Theoretical Perspectives on the Influence of Solution-Phase Additives in Shape-Controlled Nanocrystal Synthesis

Shape-selective solution-phase nanocrystal growth is facilitated by capping agents, or structure-directing agents (SDAs), which guide shape evolution. It is often stated that these chemical additives impart shape selectivity by promoting nanocrystals with a majority of facets to which they bind most strongly. However, little is known on the mechanisms through which they impart shape selectivity. In this Feature Article, we highlight our recent studies aimed at understanding the thermodynamic and kinetic influences of SDAs using theory and computational tools. We review our studies of the poly(vinylpyrrolidone) (PVP)-mediated synthesis of {100}-faceted Ag nanocubes in ethylene glycol solution, which has been studied experimentally.
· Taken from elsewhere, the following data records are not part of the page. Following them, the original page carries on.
(* Assume either (i) $F(x)=0$ for $x<2$, $F$ nondegenerate, and $1-F(x)\le cx^{-(\tau-1)}$ for all $x\ge0$ for some $c>0$, $\tau>3$; or (ii) $F(x)=0$ for $x<2$, $F$ nondegenerate, and $c_1x^{-(\tau-1)}\le1-F(x)\le c_2x^{-(\tau-1)}$ for all $x\ge0$ for some $\tau\in(2,3)$, $0<c_1\le c_2<\infty$. Let $a_n=n^{1/2}$ in case (i) and $a_n=n^{(\tau-2)/(\tau-1)}$ in case (ii), and let $(\underline m_n)$ satisfy $\underline m_n/a_n\to0$. Then $\mathbb{P}(R_{\underline m_n}>\underline m_n)\to0$ as $n\to\infty$.
   Context: Configuration model: $D_1,\dots,D_n$ are i.i.d. with distribution function $F$ (parity fixed by replacing $D_n$ by $D_n+1$ if needed), $L_n=\sum_iD_i$, vertex $i$ has $D_i$ stubs, stubs are paired uniformly at random, each edge gets an independent mean-one exponential weight. Shortest-weight graph (SWG) construction from vertex $1$: one keeps allowed stubs, free stubs (not yet paired) and artificial stubs (a subset of allowed stubs). $\mathrm{SWG}_0$ is vertex $1$; at time $1$ the allowed stubs are the $D_1$ stubs of vertex $1$. For $m\ge2$ (while allowed stubs remain) choose an allowed stub uniformly at random. (1) If it is not artificial, pair it with a uniformly chosen free stub different from itself. (1a) If the paired stub is not allowed, it is incident to a vertex $v$ not yet in the SWG; $v$ is added as a real vertex and the chosen stub is replaced among the allowed stubs by the other $D_v-1$ stubs of $v$; both stubs leave the free stubs. (1b) If the paired stub is allowed, both are removed from allowed and free stubs, a new artificial stub is added to the allowed stubs, and an artificial (non-real) vertex is added. (2) If the chosen stub is artificial, it is removed from the allowed stubs. Vertex $1$ is real. $R_m=\min\{j\ge0:\mathrm{SWG}_j\text{ contains } m+1\text{ real vertices}\}$. *)

theory Defs
  imports "HOL-Probability.Probability"
begin

text \<open>Stubs: a real stub is (v, i) with vertex v and index i < D v;
  artificial stubs are labelled by a counter.\<close>
datatype stub = RS "nat \<times> nat" | AS nat

record swg_state =
  allowed :: "stub set"
  free    :: "(nat \<times> nat) set"
  realv   :: "nat set"
  nart    :: nat

definition all_stubs :: "nat \<Rightarrow> (nat \<Rightarrow> nat) \<Rightarrow> (nat \<times> nat) set" where
  "all_stubs n D = {(v, i). v \<in> {1..n} \<and> i < D v}"

definition fix_parity :: "nat \<Rightarrow> (nat \<Rightarrow> nat) \<Rightarrow> (nat \<Rightarrow> nat)" where
  "fix_parity n D = (if odd (\<Sum>i\<in>{1..n}. D i) then D(n := D n + 1) else D)"

definition degrees :: "nat pmf \<Rightarrow> nat \<Rightarrow> (nat \<Rightarrow> nat) pmf" where
  "degrees p n = map_pmf (fix_parity n) (Pi_pmf {1..n} 0 (\<lambda>_. p))"

definition swg_init :: "nat \<Rightarrow> (nat \<Rightarrow> nat) \<Rightarrow> swg_state" where
  "swg_init n D = \<lparr>allowed = {RS (1, i) | i. i < D 1}, free = all_stubs n D,
                   realv = {1}, nart = 0\<rparr>"

definition swg_step :: "(nat \<Rightarrow> nat) \<Rightarrow> swg_state \<Rightarrow> swg_state pmf" where
  "swg_step D st =
    (if allowed st = {} then return_pmf st else
     pmf_of_set (allowed st) \<bind> (\<lambda>s.
       case s of
         AS a \<Rightarrow> return_pmf (st\<lparr>allowed := allowed st - {s}\<rparr>)
       | RS x \<Rightarrow>
           (if free st - {x} = {} then return_pmf st else
            pmf_of_set (free st - {x}) \<bind> (\<lambda>y.
              if RS y \<in> allowed st then
                return_pmf (st\<lparr>allowed := (allowed st - {RS x, RS y}) \<union> {AS (nart st)},
                               free := free st - {x, y},
                               nart := Suc (nart st)\<rparr>)
              else
                return_pmf (st\<lparr>allowed := (allowed st - {RS x}) \<union>
                                    {RS (fst y, i) | i. i < D (fst y) \<and> i \<noteq> snd y},
                               free := free st - {x, y},
                               realv := realv st \<union> {fst y}\<rparr>)))))"

primrec swg_path :: "nat \<Rightarrow> (nat \<Rightarrow> nat) \<Rightarrow> nat \<Rightarrow> swg_state list pmf" where
  "swg_path n D 0 = return_pmf [swg_init n D]"
| "swg_path n D (Suc k) =
     swg_path n D k \<bind> (\<lambda>xs. map_pmf (\<lambda>s. xs @ [s]) (swg_step D (last xs)))"

definition cm_swg :: "nat pmf \<Rightarrow> nat \<Rightarrow> nat \<Rightarrow> swg_state list pmf" where
  "cm_swg p n m = degrees p n \<bind> (\<lambda>D. swg_path n D m)"

text \<open>The event R_m > m, where R_m = min{j. SWG_j contains m+1 real vertices}
  (min of the empty set = infinity).\<close>
definition R_gt :: "nat \<Rightarrow> swg_state list \<Rightarrow> bool" where
  "R_gt m xs \<longleftrightarrow> \<not> (\<exists>j\<le>m. card (realv (xs ! j)) = m + 1)"

definition deg_cdf :: "nat pmf \<Rightarrow> real \<Rightarrow> real" where
  "deg_cdf p x = measure_pmf.prob p {k. real k \<le> x}"

definition nondegenerate :: "(real \<Rightarrow> real) \<Rightarrow> bool" where
  "nondegenerate F \<longleftrightarrow> \<not> (\<exists>a. \<forall>x. F x = (if x < a then 0 else 1))"

end

theory Submission
  imports Defs
begin

text \<open>Let \<open>E\<^sub>j\<close> be the total degree of the real vertices after \<open>j\<close> steps. While every pairing
  has reached a new vertex, at least \<open>2n - 2j \<ge> n\<close> stubs are still free (all degrees are at
  least 2), so the next pairing hits an allowed stub with probability at most \<open>E\<^sub>j / n\<close>. For a
  truncation level \<open>T\<close>, the potential \<open>min 1 (E\<^sub>j / T)\<close>, set to 1 as soon as this fails,
  therefore grows in expectation by at most \<open>(T + \<Sum>\<^sub>v D\<^sub>v min 1 (D\<^sub>v / T)) / n\<close> per step, while
  \<open>R\<^sub>m > m\<close> forces potential 1 at time \<open>m\<close>. Hence
  \<open>P(R\<^sub>m > m) \<le> E[D\<^sub>1] / T + m (T + n E[D min 1 (D / T)]) / n\<close>. The tail bound gives
  \<open>E[D min 1 (D / T)] = O(T^-\<beta>)\<close> with \<open>\<beta> = 1\<close> for \<open>\<tau> > 3\<close> and \<open>\<beta> = \<tau> - 2\<close> for \<open>2 < \<tau> < 3\<close>,
  and \<open>T = n / a\<^sub>n\<close> with \<open>a\<^sub>n = n^(\<beta>/(\<beta>+1))\<close> makes the bound \<open>O(a\<^sub>n / n + m\<^sub>n / a\<^sub>n)\<close>.\<close>

lemma nn_integral_pmf_le_const:
  assumes "\<And>x. x \<in> set_pmf M \<Longrightarrow> f x \<le> c"
  shows "(\<integral>\<^sup>+x. f x \<partial>measure_pmf M) \<le> c"
proof -
  have "(\<integral>\<^sup>+x. f x \<partial>measure_pmf M) \<le> (\<integral>\<^sup>+x. c \<partial>measure_pmf M)"
    by (intro nn_integral_mono_AE) (use assms in \<open>auto simp: AE_measure_pmf_iff\<close>)
  thus ?thesis by simp
qed

lemma nn_integral_pmf_of_set_le_average:
  fixes f :: "'a \<Rightarrow> real"
  assumes fin: "finite F" and nonneg: "\<And>y. y \<in> F \<Longrightarrow> 0 \<le> f y"
    and sum: "(\<Sum>y\<in>F. f y) \<le> real (card F) * c + d" and d: "0 \<le> d"
    and card: "n \<le> card F" and n: "0 < n"
  shows "(\<integral>\<^sup>+y. f y \<partial>measure_pmf (pmf_of_set F)) \<le> ennreal (c + d / n)"
proof -
  have F: "F \<noteq> {}" "0 < card F" using card n fin by auto
  have "(\<Sum>y\<in>F. f y) / card F \<le> (real (card F) * c + d) / card F"
    using sum F by (intro divide_right_mono) auto
  also have "\<dots> = c + d / card F" using F by (simp add: field_simps)
  also have "d / card F \<le> d / n" using card n d by (intro divide_left_mono) auto
  finally have avg: "(\<Sum>y\<in>F. f y) / card F \<le> c + d / n" by simp
  have "(\<integral>\<^sup>+y. f y \<partial>measure_pmf (pmf_of_set F)) = (\<Sum>y\<in>F. ennreal (f y)) / card F"
    using F fin by (simp add: nn_integral_pmf_of_set)
  also have "\<dots> = ennreal ((\<Sum>y\<in>F. f y) / card F)"
    using nonneg F by (simp add: ennreal_of_nat_eq_real_of_nat divide_ennreal sum_nonneg)
  finally show ?thesis using avg by (simp add: ennreal_leI)
qed

lemma nn_integral_pmf_nat_layer_cake:
  fixes h :: "nat \<Rightarrow> real"
  assumes mono: "\<And>j. h j \<le> h (Suc j)" and h0: "h 0 = 0"
  shows "(\<integral>\<^sup>+d. h d \<partial>measure_pmf p)
       = (\<Sum>j. ennreal (h (Suc j) - h j) * emeasure (measure_pmf p) {d. j < d})"
proof -
  have "ennreal (h d) = (\<Sum>j. ennreal (h (Suc j) - h j) * indicator {d. j < d} d)" for d
  proof -
    have "(\<Sum>j. ennreal (h (Suc j) - h j) * indicator {d. j < d} d)
        = (\<Sum>j<d. ennreal (h (Suc j) - h j) * indicator {d. j < d} d)"
      by (rule suminf_finite) auto
    also have "\<dots> = ennreal (\<Sum>j<d. h (Suc j) - h j)" using mono by (simp add: sum_nonneg)
    also have "\<dots> = ennreal (h d)" by (simp add: sum_lessThan_telescope h0)
    finally show ?thesis by simp
  qed
  hence "(\<integral>\<^sup>+d. h d \<partial>measure_pmf p)
       = (\<integral>\<^sup>+d. (\<Sum>j. ennreal (h (Suc j) - h j) * indicator {d. j < d} d) \<partial>measure_pmf p)"
    by simp
  also have "\<dots> = (\<Sum>j. ennreal (h (Suc j) - h j) * emeasure (measure_pmf p) {d. j < d})"
    by (subst nn_integral_suminf) (auto simp: nn_integral_cmult_indicator)
  finally show ?thesis .
qed
(* Let $\beta=\beta_1\cdots\beta_p$ be a finite word over $\{1,2\}$ and let $\theta=\theta_1\cdots\theta_{2r}$ ($r\ge 1$) be a finite word over $\{1,2\}$ of even length which is symmetric, i.e. $\theta_j=\theta_{2r+1-j}$ for all $j$. For infinite words $\omega_1=\omega_1(1)\omega_1(2)\cdots$ and $\omega_2=\omega_2(1)\omega_2(2)\cdots$ over $\{1,2\}$, let $\gamma=\gamma(\omega_1,\omega_2)\in\{1,2\}^{\mathbb{Z}}$ be the bi-infinite word $\omega_2^t\beta^t\,2\,\theta\,2\,\beta\,\omega_1$ (where ${}^t$ denotes reversal), indexed so that $\gamma_0=2$, $\gamma_j=\theta_j$ for $1\le j\le 2r$, $\gamma_{2r+1}=2$, $\gamma_{2r+1+j}=\beta_j$ for $1\le j\le p$, $\gamma_{2r+1+p+j}=\omega_1(j)$ for $j\ge1$, $\gamma_{-j}=\beta_j$ for $1\le j\le p$, and $\gamma_{-p-j}=\omega_2(j)$ for $j\ge 1$. Let $S$ be a set of infinite words over $\{1,2\}$ (for instance, those avoiding a given finite list of finite strings) such that for all $\omega_1,\omega_2\in S$ the Markov value $m(\gamma(\omega_1,\omega_2))=\sup_{n\in\mathbb{Z}}\lambda_n(\gamma(\omega_1,\omega_2))$ is attained at one of the two positions $0$ or $2r+1$ (the $2$'s adjacent to $\theta$), i.e. $m(\gamma)=\max\{\lambda_0(\gamma),\lambda_{2r+1}(\gamma)\}$. Then, among $\omega_1,\omega_2\in S$, the Markov value $m(\gamma(\omega_1,\omega_2))$ is minimal when $\omega_1=\omega_2=:\omega$ and $[0;\beta,\omega]$ is minimal. Precisely: for all $\omega_1,\omega_2\in S$, $m(\gamma(\omega_1,\omega_2))\ge \max\{m(\gamma(\omega_1,\omega_1)),m(\gamma(\omega_2,\omega_2))\}$, and for $\omega,\omega'\in S$ with $[0;\beta,\omega]\le[0;\beta,\omega']$ one has $m(\gamma(\omega,\omega))\le m(\gamma(\omega',\omega'))$.
   Context: For $\underline{\alpha}=(\alpha_n)_{n\in\mathbb{Z}}\in\{1,2\}^{\mathbb{Z}}$ and $k\in\mathbb{Z}$, $\lambda_k(\underline{\alpha})=[\alpha_k;\alpha_{k+1},\alpha_{k+2},\dots]+[0;\alpha_{k-1},\alpha_{k-2},\dots]$, where $[b_0;b_1,b_2,\dots]=b_0+1/(b_1+1/(b_2+\cdots))$. For a finite word $\beta$ and infinite word $\omega$, $[0;\beta,\omega]$ denotes the continued fraction whose partial quotients are the letters of $\beta$ followed by those of $\omega$. *)

theory Defs
  imports Complex_Main
begin

primrec cf_approx :: "nat \<Rightarrow> (nat \<Rightarrow> nat) \<Rightarrow> real" where
  "cf_approx 0 b = real (b 0)"
| "cf_approx (Suc n) b = real (b 0) + 1 / cf_approx n (\<lambda>k. b (Suc k))"

definition cf :: "(nat \<Rightarrow> nat) \<Rightarrow> real" where
  "cf b = lim (\<lambda>n. cf_approx n b)"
Our studies of the interfacial free energy of Ag-PVP solution interfaces show that while solution-phase PVP does bind more strongly to Ag(100) than to Ag(111), this selectivity is not sufficient to thermodynamically change the Wulff shape of a PVP-covered Ag nanocrystal in solution from that of the bare metal in vacuum. These studies indicate that a strong facet binding selectivity is needed for a SDA to thermodynamically alter the solution-phase crystal shape from that of the bare metal. Interestingly, the binding selectivity of PVP for Ag(100) is sufficient to regulate the atom deposition fluxes to Ag(100) and Ag(111), so that cubic Ag(100) nanocrystals form kinetically. Altogether, our studies indicate that kinetic control of metal nanocrystal shapes is likely more prevalent than thermodynamic control. We outline some current challenges in understanding shape-selective solution-phase nanocrystal syntheses.